From the data that follows, print exactly the lines starting at the one containing "right end and" and ending at the one containing "(\<Sum>m=1..N. flux (tracem"; include both of them and nothing more.

Task data ::
^^^^^^^^^^^^^^^^

lemma gradient_equation_time_derivative:
  fixes u w :: "real \<Rightarrow> nat \<Rightarrow> nat \<Rightarrow> real"
  assumes S: "t \<in> S" "at t within S \<noteq> bot" and j: "j \<in> {1..N}"
    and du: "\<forall>j\<in>{1..N}. \<forall>i\<le>k. ((\<lambda>s. u s j i) has_real_derivative u' j i) (at t within S)"
    and dw: "\<forall>j\<in>{1..N}. \<forall>i\<le>k. ((\<lambda>s. w s j i) has_real_derivative w' j i) (at t within S)"
    and eq: "\<forall>s\<in>S.
      (let uhat = (\<lambda>m. avg k N xp (u s) m - a13 * jump k N xp (u s) m - a33 * jump k N xp (w s) m) in
       integral {xp (j - 1)..xp j} (\<lambda>x. cellval k (u s) j x * deriv (cellval k \<phi> j) x)
       - uhat j * tracem k xp \<phi> j + uhat (prv N j) * tracep k N xp \<phi> (prv N j)
       = - integral {xp (j - 1)..xp j} (\<lambda>x. cellval k (w s) j x * cellval k \<phi> j x))"
  shows "let uhat = (\<lambda>m. avg k N xp u' m - a13 * jump k N xp u' m - a33 * jump k N xp w' m) in
       integral {xp (j - 1)..xp j} (\<lambda>x. cellval k u' j x * deriv (cellval k \<phi> j) x)
       - uhat j * tracem k xp \<phi> j + uhat (prv N j) * tracep k N xp \<phi> (prv N j)
       = - integral {xp (j - 1)..xp j} (\<lambda>x. cellval k w' j x * cellval k \<phi> j x)"
proof -
  let ?I = "\<lambda>c g. integral {xp (j - 1)..xp j} (\<lambda>x. cellval k c j x * g x)"
  define uhat where "uhat c d m = avg k N xp c m - a13 * jump k N xp c m - a33 * jump k N xp d m" for c d m
  define residual where "residual c d = ?I c (deriv (cellval k \<phi> j)) - uhat c d j * tracem k xp \<phi> j
      + uhat c d (prv N j) * tracep k N xp \<phi> (prv N j) + ?I d (cellval k \<phi> j)" for c d
  have uhat_deriv: "((\<lambda>s. uhat (u s) (w s) m) has_real_derivative uhat u' w' m) (at t within S)"
    if "m \<in> {1..N}" for m
    unfolding uhat_def using that du dw
    by (intro DERIV_diff DERIV_cmult jump_has_time_derivative avg_has_time_derivative)
  have D: "((\<lambda>s. residual (u s) (w s)) has_real_derivative residual u' w') (at t within S)"
    unfolding residual_def using j du dw
    by (intro DERIV_add DERIV_diff DERIV_cmult_right uhat_deriv prv_in
        integral_cellval_mult_has_time_derivative continuous_on_cellval continuous_on_deriv_cellval) auto
  have vanish: "residual (u s) (w s) = 0" if "s \<in> S" for s
    using eq that unfolding residual_def uhat_def Let_def by fastforce
  have "((\<lambda>s. 0) has_real_derivative residual u' w') (at t within S)"
    by (rule has_field_derivative_transform_within[OF D zero_less_one S(1)]) (simp add: vanish)
  then have "residual u' w' = 0"
    using has_field_derivative_unique[OF _ DERIV_const S(2)] by blast
  then show ?thesis
    unfolding residual_def uhat_def Let_def by linarith
qed

lemma energy_deriv_eq_0:
  assumes mesh: "\<forall>j<N. xp j < xp (j + 1)"
    and V': "continuous_on UNIV V'"
    and eq1: "\<forall>j\<in>{1..N}.
      (let what = (\<lambda>m. avg k N xp w m + a11 * jump k N xp u m
                        + a13 * jump k N xp w m - \<beta> * jump k N xp v' m) in
       - integral {xp (j - 1)..xp j} (\<lambda>x. cellval k v' j x * cellval k u' j x)
       - integral {xp (j - 1)..xp j} (\<lambda>x. cellval k w j x * deriv (cellval k u' j) x)
       + what j * tracem k xp u' j - what (prv N j) * tracep k N xp u' (prv N j)
       = - integral {xp (j - 1)..xp j} (\<lambda>x. V' (cellval k u j x) * cellval k u' j x))"
    and eq2: "\<forall>j\<in>{1..N}.
      (let vhat = (\<lambda>m. \<beta> * jump k N xp u' m) in
       integral {xp (j - 1)..xp j} (\<lambda>x. cellval k u' j x * cellval k v' j x)
       + vhat j * tracem k xp v' j - vhat (prv N j) * tracep k N xp v' (prv N j)
       = integral {xp (j - 1)..xp j} (\<lambda>x. cellval k v j x * cellval k v' j x))"
    and eq3: "\<forall>j\<in>{1..N}.
      (let uhat = (\<lambda>m. avg k N xp u' m - a13 * jump k N xp u' m - a33 * jump k N xp w' m) in
       integral {xp (j - 1)..xp j} (\<lambda>x. cellval k u' j x * deriv (cellval k w j) x)
       - uhat j * tracem k xp w j + uhat (prv N j) * tracep k N xp w (prv N j)
       = - integral {xp (j - 1)..xp j} (\<lambda>x. cellval k w' j x * cellval k w j x))"
  shows "energy_deriv k N xp V' a11 a33 u v w u' v' w' = 0"
proof -
  define what where "what m = avg k N xp w m + a11 * jump k N xp u m
                        + a13 * jump k N xp w m - \<beta> * jump k N xp v' m" for m
  define vhat where "vhat m = \<beta> * jump k N xp u' m" for m
  define uhat where "uhat m = avg k N xp u' m - a13 * jump k N xp u' m - a33 * jump k N xp w' m" for m
  \<comment> \<open>the boundary terms of cell j are flux (tracem k xp) j at its right end and
     flux (tracep k N xp) (prv N j) at its left end\<close>
  define flux where "flux tr m = what m * tr u' m + vhat m * tr v' m + uhat m * tr w m - tr u' m * tr w m"
    for tr :: "(nat \<Rightarrow> nat \<Rightarrow> real) \<Rightarrow> nat \<Rightarrow> real" and m
  have cell: "integral {xp (j - 1)..xp j} (\<lambda>x. cellval k v j x * cellval k v' j x
        + cellval k w j x * cellval k w' j x - V' (cellval k u j x) * cellval k u' j x)
      = flux (tracem k xp) j - flux (tracep k N xp) (prv N j)" if j: "j \<in> {1..N}" for j
  proof -
    let ?I = "\<lambda>f. integral {xp (j - 1)..xp j} f"
    have parts: "?I (\<lambda>x. cellval k w j x * deriv (cellval k u' j) x)
        + ?I (\<lambda>x. cellval k u' j x * deriv (cellval k w j) x)
        = tracem k xp w j * tracem k xp u' j - tracep k N xp w (prv N j) * tracep k N xp u' (prv N j)"
      using integral_cellval_by_parts[OF cell_endpoints_le[OF mesh j], of k w j u'] j
      by (simp add: tracem_def tracep_prv)
    have split: "?I (\<lambda>x. cellval k v j x * cellval k v' j x + cellval k w j x * cellval k w' j x
          - V' (cellval k u j x) * cellval k u' j x)
        = ?I (\<lambda>x. cellval k v j x * cellval k v' j x) + ?I (\<lambda>x. cellval k w' j x * cellval k w j x)
          - ?I (\<lambda>x. V' (cellval k u j x) * cellval k u' j x)"
      by (subst integral_diff integral_add, auto intro!: integrable_continuous_interval continuous_intros
          continuous_on_cellval continuous_on_compose2[OF V'] simp: mult.commute)+
    show ?thesis
      using eq1[rule_format, OF j] eq2[rule_format, OF j] eq3[rule_format, OF j] parts
      unfolding split flux_def what_def vhat_def uhat_def Let_def
      by (simp add: mult.commute)
  qed
  have "(\<Sum>j=1..N. flux (tracem k xp) j - flux (tracep k N xp) (prv N j))
      = (\<Sum>m=1..N. flux (tracem k xp) m - flux (tracep k N xp) m)"
    by (simp only: sum_subtractf sum_prv)
  moreover have "flux (tracem k xp) m - flux (tracep k N xp) m
      + (a11 * jump k N xp u m * jump k N xp u' m - a33 * jump k N xp w m * jump k N xp w' m) = 0" for m
    unfolding flux_def what_def vhat_def uhat_def jump_def avg_def by (simp add: field_simps)
  ultimately show ?thesis
    unfolding energy_deriv_def using cell by (simp add: sum.distrib[symmetric])
qed

theorem proposition4p1:
  fixes k N :: nat and xp :: "nat \<Rightarrow> real" and V :: "real \<Rightarrow> real"
    and a11 a13 a33 \<beta> T :: real
    and u v w u' v' w' :: "real \<Rightarrow> nat \<Rightarrow> nat \<Rightarrow> real"
  assumes N: "N \<ge> 1"
    and mesh: "\<forall>j<N. xp j < xp (j + 1)"
    and smooth: "\<forall>n x. (deriv ^^ n) V differentiable at x"
    and du: "\<forall>t\<in>{0..T}. \<forall>j\<in>{1..N}. \<forall>i\<le>k. ((\<lambda>s. u s j i) has_real_derivative u' t j i) (at t within {0..T})"
    and dv: "\<forall>t\<in>{0..T}. \<forall>j\<in>{1..N}. \<forall>i\<le>k. ((\<lambda>s. v s j i) has_real_derivative v' t j i) (at t within {0..T})"
    and dw: "\<forall>t\<in>{0..T}. \<forall>j\<in>{1..N}. \<forall>i\<le>k. ((\<lambda>s. w s j i) has_real_derivative w' t j i) (at t within {0..T})"
    and cu: "\<forall>j\<in>{1..N}. \<forall>i\<le>k. continuous_on {0..T} (\<lambda>t. u' t j i)"
    and cv: "\<forall>j\<in>{1..N}. \<forall>i\<le>k. continuous_on {0..T} (\<lambda>t. v' t j i)"
    and cw: "\<forall>j\<in>{1..N}. \<forall>i\<le>k. continuous_on {0..T} (\<lambda>t. w' t j i)"
    and eq1: "\<forall>t\<in>{0..T}. \<forall>j\<in>{1..N}. \<forall>\<phi> :: nat \<Rightarrow> nat \<Rightarrow> real.
      (let what = (\<lambda>m. avg k N xp (w t) m + a11 * jump k N xp (u t) m
                        + a13 * jump k N xp (w t) m - \<beta> * jump k N xp (v' t) m) in
       - integral {xp (j - 1)..xp j} (\<lambda>x. cellval k (v' t) j x * cellval k \<phi> j x)
       - integral {xp (j - 1)..xp j} (\<lambda>x. cellval k (w t) j x * deriv (cellval k \<phi> j) x)
       + what j * tracem k xp \<phi> j - what (prv N j) * tracep k N xp \<phi> (prv N j)
       = - integral {xp (j - 1)..xp j} (\<lambda>x. deriv V (cellval k (u t) j x) * cellval k \<phi> j x))"
    and eq2: "\<forall>t\<in>{0..T}. \<forall>j\<in>{1..N}. \<forall>\<phi> :: nat \<Rightarrow> nat \<Rightarrow> real.
      (let vhat = (\<lambda>m. \<beta> * jump k N xp (u' t) m) in
       integral {xp (j - 1)..xp j} (\<lambda>x. cellval k (u' t) j x * cellval k \<phi> j x)
       + vhat j * tracem k xp \<phi> j - vhat (prv N j) * tracep k N xp \<phi> (prv N j)
       = integral {xp (j - 1)..xp j} (\<lambda>x. cellval k (v t) j x * cellval k \<phi> j x))"
    and eq3: "\<forall>t\<in>{0..T}. \<forall>j\<in>{1..N}. \<forall>\<phi> :: nat \<Rightarrow> nat \<Rightarrow> real.
      (let uhat = (\<lambda>m. avg k N xp (u t) m - a13 * jump k N xp (u t) m - a33 * jump k N xp (w t) m) in
       integral {xp (j - 1)..xp j} (\<lambda>x. cellval k (u t) j x * deriv (cellval k \<phi> j) x)
       - uhat j * tracem k xp \<phi> j + uhat (prv N j) * tracep k N xp \<phi> (prv N j)
       = - integral {xp (j - 1)..xp j} (\<lambda>x. cellval k (w t) j x * cellval k \<phi> j x))"
  shows "\<forall>t\<in>{0..T}. energy k N xp V a11 a33 (u t) (v t) (w t) = energy k N xp V a11 a33 (u 0) (v 0) (w 0)"
proof (cases "T > 0")
  case False
  then have "{0..T} \<subseteq> {0}"
    by auto
  then show ?thesis
    by auto
next
  case True
  have V: "(V has_real_derivative deriv V y) (at y)" "continuous_on UNIV (deriv V)" for y
    using smooth_has_continuous_deriv[OF smooth] by auto
  have "((\<lambda>s. energy k N xp V a11 a33 (u s) (v s) (w s)) has_real_derivative 0) (at t within {0..T})"
    if t: "t \<in> {0..T}" for t
  proof -
    have "at t within {0..T} \<noteq> bot"
      using True t by (simp add: trivial_limit_within)
    note gradient_eq = gradient_equation_time_derivative[OF t this _ bspec[OF du t] bspec[OF dw t]]
    have "energy_deriv k N xp (deriv V) a11 a33 (u t) (v t) (w t) (u' t) (v' t) (w' t) = 0"
      by (intro energy_deriv_eq_0[where ?a13.0 = a13 and \<beta> = \<beta>] mesh V(2) ballI
          eq1[rule_format, OF t] eq2[rule_format, OF t] gradient_eq)
        (use eq3 in blast)+
    moreover have "((\<lambda>s. energy k N xp V a11 a33 (u s) (v s) (w s)) has_real_derivative
        energy_deriv k N xp (deriv V) a11 a33 (u t) (v t) (w t) (u' t) (v' t) (w' t)) (at t within {0..T})"
      using V(1) by (rule energy_has_real_derivative[OF _ V(2) convex_real_interval(5) t du dv dw cu cv cw])
    ultimately show ?thesis by simp
  qed
  then obtain c where "\<forall>t\<in>{0..T}. energy k N xp V a11 a33 (u t) (v t) (w t) = c"
    using has_field_derivative_zero_constant[OF convex_real_interval(5)] by blast
  then show ?thesis
    using True by simp
qed

end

^^^^^^^^^^^^^^^^

Answer space ::
  \<comment> \<open>the boundary terms of cell j are flux (tracem k xp) j at its right end and
     flux (tracep k N xp) (prv N j) at its left end\<close>
  define flux where "flux tr m = what m * tr u' m + vhat m * tr v' m + uhat m * tr w m - tr u' m * tr w m"
    for tr :: "(nat \<Rightarrow> nat \<Rightarrow> real) \<Rightarrow> nat \<Rightarrow> real" and m
  have cell: "integral {xp (j - 1)..xp j} (\<lambda>x. cellval k v j x * cellval k v' j x
        + cellval k w j x * cellval k w' j x - V' (cellval k u j x) * cellval k u' j x)
      = flux (tracem k xp) j - flux (tracep k N xp) (prv N j)" if j: "j \<in> {1..N}" for j
  proof -
    let ?I = "\<lambda>f. integral {xp (j - 1)..xp j} f"
    have parts: "?I (\<lambda>x. cellval k w j x * deriv (cellval k u' j) x)
        + ?I (\<lambda>x. cellval k u' j x * deriv (cellval k w j) x)
        = tracem k xp w j * tracem k xp u' j - tracep k N xp w (prv N j) * tracep k N xp u' (prv N j)"
      using integral_cellval_by_parts[OF cell_endpoints_le[OF mesh j], of k w j u'] j
      by (simp add: tracem_def tracep_prv)
    have split: "?I (\<lambda>x. cellval k v j x * cellval k v' j x + cellval k w j x * cellval k w' j x
          - V' (cellval k u j x) * cellval k u' j x)
        = ?I (\<lambda>x. cellval k v j x * cellval k v' j x) + ?I (\<lambda>x. cellval k w' j x * cellval k w j x)
          - ?I (\<lambda>x. V' (cellval k u j x) * cellval k u' j x)"
      by (subst integral_diff integral_add, auto intro!: integrable_continuous_interval continuous_intros
          continuous_on_cellval continuous_on_compose2[OF V'] simp: mult.commute)+
    show ?thesis
      using eq1[rule_format, OF j] eq2[rule_format, OF j] eq3[rule_format, OF j] parts
      unfolding split flux_def what_def vhat_def uhat_def Let_def
      by (simp add: mult.commute)
  qed
  have "(\<Sum>j=1..N. flux (tracem k xp) j - flux (tracep k N xp) (prv N j))
      = (\<Sum>m=1..N. flux (tracem k xp) m - flux (tracep k N xp) m)"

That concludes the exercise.